Set this parameter to validate a server's certificates, for example,
as described with @racket[get-pure-port].}
@; ----------------------------------------
@section{URL Unit}
@margin-note{@racket[url@], @racket[url^], and @racket[url+scheme^] are deprecated.
They exist for backward-compatibility and will likely be removed in
the future. New code should use the @racketmodname[net/url] module.}
@defmodule[net/url-unit]
@defthing[url@ unit?]{
Imports @racket[tcp^], exports @racket[url+scheme^].
The @racket[url+scheme^] signature contains
@racket[current-connect-scheme], which @racket[url@] binds to a
parameter. The parameter is set to the scheme of a URL when
@racket[tcp-connect] is called to create a connection. A
@racket[tcp-connect] variant linked to @racket[url@] can check this
parameter to choose the connection mode; in particular, @racket[net/url]
supplies a @racket[tcp-connect] that actually uses @racket[ssl-connect]
when @racket[(current-connect-scheme)] produces @racket["https"].

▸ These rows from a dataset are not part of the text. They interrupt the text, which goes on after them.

lemma eval_mpoly_single: "eval_mpoly hom \<sigma> (Poly_Mapping.single m c) = hom c * eval_monom \<sigma> m"
  by (subst eval_mpoly_superset[of "{m}"]) auto

lemma eval_mpoly_sum: "eval_mpoly hom \<sigma> (\<Sum>x\<in>A. f x) = (\<Sum>x\<in>A. eval_mpoly hom \<sigma> (f x))"
  by (induction A rule: infinite_finite_induct) (simp_all add: eval_mpoly_add)

lemma eval_mpoly_mult: "eval_mpoly hom \<sigma> (f * g) = eval_mpoly hom \<sigma> f * eval_mpoly hom \<sigma> g"
proof -
  have "f * g = (\<Sum>m\<in>Poly_Mapping.keys f. \<Sum>m'\<in>Poly_Mapping.keys g.
      Poly_Mapping.single (m + m') (Poly_Mapping.lookup f m * Poly_Mapping.lookup g m'))"
    by (subst (1) mpoly_eq_sum_single[of f], subst (1) mpoly_eq_sum_single[of g])
       (simp add: sum_product mult_single)
  then have "eval_mpoly hom \<sigma> (f * g) = (\<Sum>m\<in>Poly_Mapping.keys f. \<Sum>m'\<in>Poly_Mapping.keys g.
      hom (Poly_Mapping.lookup f m) * eval_monom \<sigma> m * (hom (Poly_Mapping.lookup g m') * eval_monom \<sigma> m'))"
    by (simp add: eval_mpoly_sum eval_mpoly_single eval_monom_add hom_mult mult_ac)
  also have "\<dots> = eval_mpoly hom \<sigma> f * eval_mpoly hom \<sigma> g"
    by (simp add: eval_mpoly_def sum_product)
  finally show ?thesis .
qed

lemma eval_mpoly_1: "eval_mpoly hom \<sigma> 1 = 1"
  using eval_mpoly_single[where m = 0 and c = 1] by (simp add: eval_monom_def)

lemma eval_mpoly_power: "eval_mpoly hom \<sigma> (f ^ n) = eval_mpoly hom \<sigma> f ^ n"
  by (induction n) (simp_all add: eval_mpoly_1 eval_mpoly_mult)

lemma hom_eval_mpoly: "hom (eval_mpoly \<phi> \<sigma> f) = eval_mpoly (hom \<circ> \<phi>) (hom \<circ> \<sigma>) f"
  by (simp add: eval_mpoly_def eval_monom_def hom_distribs)

end

lemma msubst_eq_eval_mpoly: "msubst \<tau> f = eval_mpoly mconst \<tau> f"
  by (simp add: msubst_def eval_mpoly_def eval_monom_def)

context comm_ring_hom
begin

lemma eval_mpoly_mconst [simp]: "eval_mpoly hom \<sigma> (mconst c) = hom c"
  by (simp add: mconst_def eval_mpoly_single eval_monom_def)

lemma eval_mpoly_mvar [simp]: "eval_mpoly hom \<sigma> (mvar i) = \<sigma> i"
  by (simp add: mvar_def eval_mpoly_single eval_monom_def)

lemma comm_ring_hom_eval_mpoly: "comm_ring_hom (eval_mpoly hom \<sigma>)"
  by unfold_locales (simp_all add: eval_mpoly_1 eval_mpoly_add eval_mpoly_mult)

lemma eval_mpoly_msubst:
  "eval_mpoly hom \<sigma> (msubst \<tau> f) = eval_mpoly hom (\<lambda>i. eval_mpoly hom \<sigma> (\<tau> i)) f"
proof -
  interpret E: comm_ring_hom "eval_mpoly hom \<sigma>"
    by (rule comm_ring_hom_eval_mpoly)
  show ?thesis
    unfolding msubst_eq_eval_mpoly E.hom_eval_mpoly by (simp add: comp_def)
qed

end

definition point4 :: "'b \<Rightarrow> 'b \<Rightarrow> 'b \<Rightarrow> 'b \<Rightarrow> nat \<Rightarrow> 'b::zero" where
  "point4 x1 x2 y1 y2 k =
    (if k = 0 then x1 else if k = 1 then x2 else if k = 2 then y1 else if k = 3 then y2 else 0)"

lemma point4_simps [simp]:
  "point4 x1 x2 y1 y2 0 = x1" "point4 x1 x2 y1 y2 1 = x2" "point4 x1 x2 y1 y2 (Suc 0) = x2"
  "point4 x1 x2 y1 y2 2 = y1" "point4 x1 x2 y1 y2 3 = y2"
  by (simp_all add: point4_def)

context field_hom
begin

lemma eval_act_x_point4:
  "eval_mpoly hom (point4 x1 x2 y1 y2) (act_x g f) =
    eval_mpoly hom (point4 (hom (g $$ (0,0)) * x1 + hom (g $$ (0,1)) * x2)
      (hom (g $$ (1,0)) * x1 + hom (g $$ (1,1)) * x2) y1 y2) f"
  unfolding act_x_def eval_mpoly_msubst
  by (rule arg_cong[where f = "\<lambda>\<sigma>. eval_mpoly hom \<sigma> f"], rule ext)
     (auto simp: point4_def eval_mpoly_add eval_mpoly_mult numeral_2_eq_2 numeral_3_eq_3)

lemma eval_act_xy_point4:
  "eval_mpoly hom (point4 x1 x2 y1 y2) (act_xy g f) =
    eval_mpoly hom (point4 (hom (g $$ (0,0)) * x1 + hom (g $$ (0,1)) * x2)
      (hom (g $$ (1,0)) * x1 + hom (g $$ (1,1)) * x2)
      (hom (g $$ (0,0)) * y1 + hom (g $$ (0,1)) * y2)
      (hom (g $$ (1,0)) * y1 + hom (g $$ (1,1)) * y2)) f"
  unfolding act_xy_def eval_mpoly_msubst
  by (rule arg_cong[where f = "\<lambda>\<sigma>. eval_mpoly hom \<sigma> f"], rule ext)
     (auto simp: point4_def eval_mpoly_add eval_mpoly_mult numeral_2_eq_2 numeral_3_eq_3)

lemma eval_fpoly_point4:
  "eval_mpoly hom (point4 x1 x2 y1 y2) (fpoly p j) =
    (if j \<le> p + 1 then (x1 * y1 + x2 * y2) ^ j
     else (\<Sum>k\<in>O2. (hom (k $$ (0,0)) * x1 + hom (k $$ (0,1)) * x2) ^ (2 * p + 2 - j)
       * (hom (k $$ (0,0)) * y1 + hom (k $$ (0,1)) * y2) ^ (j - (p + 1))))"
proof -
  have "p + 1 - (j - (p + 1)) = 2 * p + 2 - j" if "\<not> j \<le> p + 1"
    using that by linarith
  then show ?thesis
    by (simp add: fpoly_def u_inv_def Tr_def Let_def eval_act_xy_point4
        eval_mpoly_add eval_mpoly_mult eval_mpoly_power eval_mpoly_sum)
qed

end

interpretation to_ac: field_hom to_ac
  by unfold_locales simp_all

section \<open>Fields of prime order\<close>

lemma CHAR_eq_card_if_prime_card:
  assumes "prime (card (UNIV :: 'a::ring_1 set))"
  shows "CHAR('a) = card (UNIV :: 'a set)"
  using CHAR_dvd_CARD[where 'a = 'a] CHAR_not_1[where 'a = 'a] assms by (auto simp: prime_nat_iff)

lemma of_nat_surj_if_prime_card:
  assumes "prime (card (UNIV :: 'a::ring_1 set))"
  shows "\<exists>k. x = (of_nat k :: 'a)"
proof -
  let ?p = "card (UNIV :: 'a set)"
  have "inj_on (of_nat :: nat \<Rightarrow> 'a) {..<?p}"
  proof (rule inj_onI)
    fix m n assume m: "m \<in> {..<?p}" and n: "n \<in> {..<?p}" and eq: "(of_nat m :: 'a) = of_nat n"
    have "[m = n] (mod ?p)"
      using eq CHAR_eq_card_if_prime_card[OF assms] by (metis of_nat_eq_iff_cong_CHAR)
    with m n show "m = n"
      by (metis lessThan_iff cong_less_modulus_unique_nat)
  qed
  then have "card (of_nat ` {..<?p} :: 'a set) = ?p"
    using card_image by fastforce
  moreover have "finite (UNIV :: 'a set)"
    using assms card.infinite not_prime_0 by metis
  ultimately have "of_nat ` {..<?p} = (UNIV :: 'a set)"
    by (metis card_subset_eq subset_UNIV)
  then show ?thesis
    by blast
qed

lemma of_nat_power_CHAR:
  assumes "prime CHAR('a::comm_semiring_1)"
  shows "(of_nat k :: 'a) ^ CHAR('a) = of_nat k"
proof (induction k)
  case 0
  show ?case
    using prime_gt_0_nat[OF assms] by (simp add: power_0_left)
next
  case (Suc k)
  then show ?case
    using freshmans_dream[OF assms refl, of "of_nat k" 1] by (simp add: add.commute)
qed

lemma power_card_eq_self_if_prime_card:
  fixes x :: "'a::comm_ring_1"
  assumes "prime (card (UNIV :: 'a set))"
  shows "x ^ card (UNIV :: 'a set) = x"
  using of_nat_surj_if_prime_card[OF assms, of x] of_nat_power_CHAR[where 'a = 'a]
    CHAR_eq_card_if_prime_card[OF assms] assms by auto

lemma square_ne_neg_one_if_card_3_mod_4:
  fixes x :: "'a::field"
  assumes prime: "prime (card (UNIV :: 'a set))" and mod_4: "card (UNIV :: 'a set) mod 4 = 3"
  shows "x * x \<noteq> -1"
proof
  let ?p = "card (UNIV :: 'a set)"
  assume sq: "x * x = -1"
  define q where "q = ?p div 4"
  have q: "?p = Suc (2 * (2 * q + 1))"
    using mod_4 unfolding q_def by presburger
  have "x * x ^ (2 * (2 * q + 1)) = x * 1"
    using power_card_eq_self_if_prime_card[OF prime, of x] by (simp add: q)
  moreover have "x \<noteq> 0"
    using sq by auto
  ultimately have "1 = x ^ (2 * (2 * q + 1))"
    by simp
  also have "\<dots> = (x * x) ^ (2 * q + 1)"
    by (simp only: power_mult power2_eq_square)
  also have "\<dots> = -1"
    using sq by simp
  finally have "of_nat 2 = (0 :: 'a)"
    by (simp add: eq_neg_iff_add_eq_0)
  then have "?p dvd 2"
    by (simp only: of_nat_eq_0_iff_char_dvd CHAR_eq_card_if_prime_card[OF prime])
  then show False
    using mod_4 by (auto dest: dvd_imp_le)
qed

section \<open>The orthogonal group \<open>O\<^sub>2\<close>\<close>

lemma mat_2x2_eqI:
  assumes "A \<in> carrier_mat 2 2" "B \<in> carrier_mat 2 2"
    and "A $$ (0,0) = B $$ (0,0)" "A $$ (0,1) = B $$ (0,1)"
    and "A $$ (1,0) = B $$ (1,0)" "A $$ (1,1) = B $$ (1,1)"
  shows "A = B"
proof (rule eq_matI)
  fix i j assume "i < dim_row B" "j < dim_col B"
  then have "i = 0 \<or> i = 1" "j = 0 \<or> j = 1"
    using assms(2) by auto
  then show "A $$ (i, j) = B $$ (i, j)"
    using assms by auto
qed (use assms in auto)

lemma O2_iff_orthonormal_columns:
  "g \<in> O2 \<longleftrightarrow> g \<in> carrier_mat 2 2 \<and>
    g $$ (0,0) * g $$ (0,0) + g $$ (1,0) * g $$ (1,0) = 1 \<and>
    g $$ (0,1) * g $$ (0,1) + g $$ (1,1) * g $$ (1,1) = 1 \<and>
    g $$ (0,0) * g $$ (0,1) + g $$ (1,0) * g $$ (1,1) = 0"
proof (cases "g \<in> carrier_mat 2 2")
  case g: True
  have gram: "(transpose_mat g * g) $$ (i, j) = g $$ (0, i) * g $$ (0, j) + g $$ (1, i) * g $$ (1, j)"
    if "i < 2" "j < 2" for i j
    using g that by (simp add: scalar_prod_def numeral_2_eq_2)
  have "g * transpose_mat g = 1\<^sub>m 2" if "transpose_mat g * g = 1\<^sub>m 2"
    using mat_mult_left_right_inverse[of "transpose_mat g" 2 g] g that by auto
  then have "g \<in> O2 \<longleftrightarrow> transpose_mat g * g = 1\<^sub>m 2"
    using g by (auto simp: O2_def invertible_mat_def inverts_mat_def)
  also have "\<dots> \<longleftrightarrow> (\<forall>i<2. \<forall>j<2.
      g $$ (0, i) * g $$ (0, j) + g $$ (1, i) * g $$ (1, j) = (if i = j then 1 else 0))"
    using g by (simp add: mat_eq_iff gram del: index_mult_mat(1))
  finally show ?thesis
    using g by (auto simp: numeral_2_eq_2 less_Suc_eq mult.commute)
qed (simp add: O2_def)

Note that @racket[net/url] does not provide the
@racket[current-connect-scheme] parameter.}
@; ----------------------------------------
@section{URL Signature}
@defmodule[net/url-sig]
@defsignature[url^ ()]{
Includes everything exported by the @racketmodname[net/url] module
except @racket[current-https-protocol] and @racket[current-url-encode-mode].
Note that the exports of
@racketmodname[net/url] and the @racket[url^] signature do not include
@racket[current-connect-scheme].}
@defsignature[url+scheme^ (url^)]{
Adds @racket[current-connect-scheme] to @racket[url^].}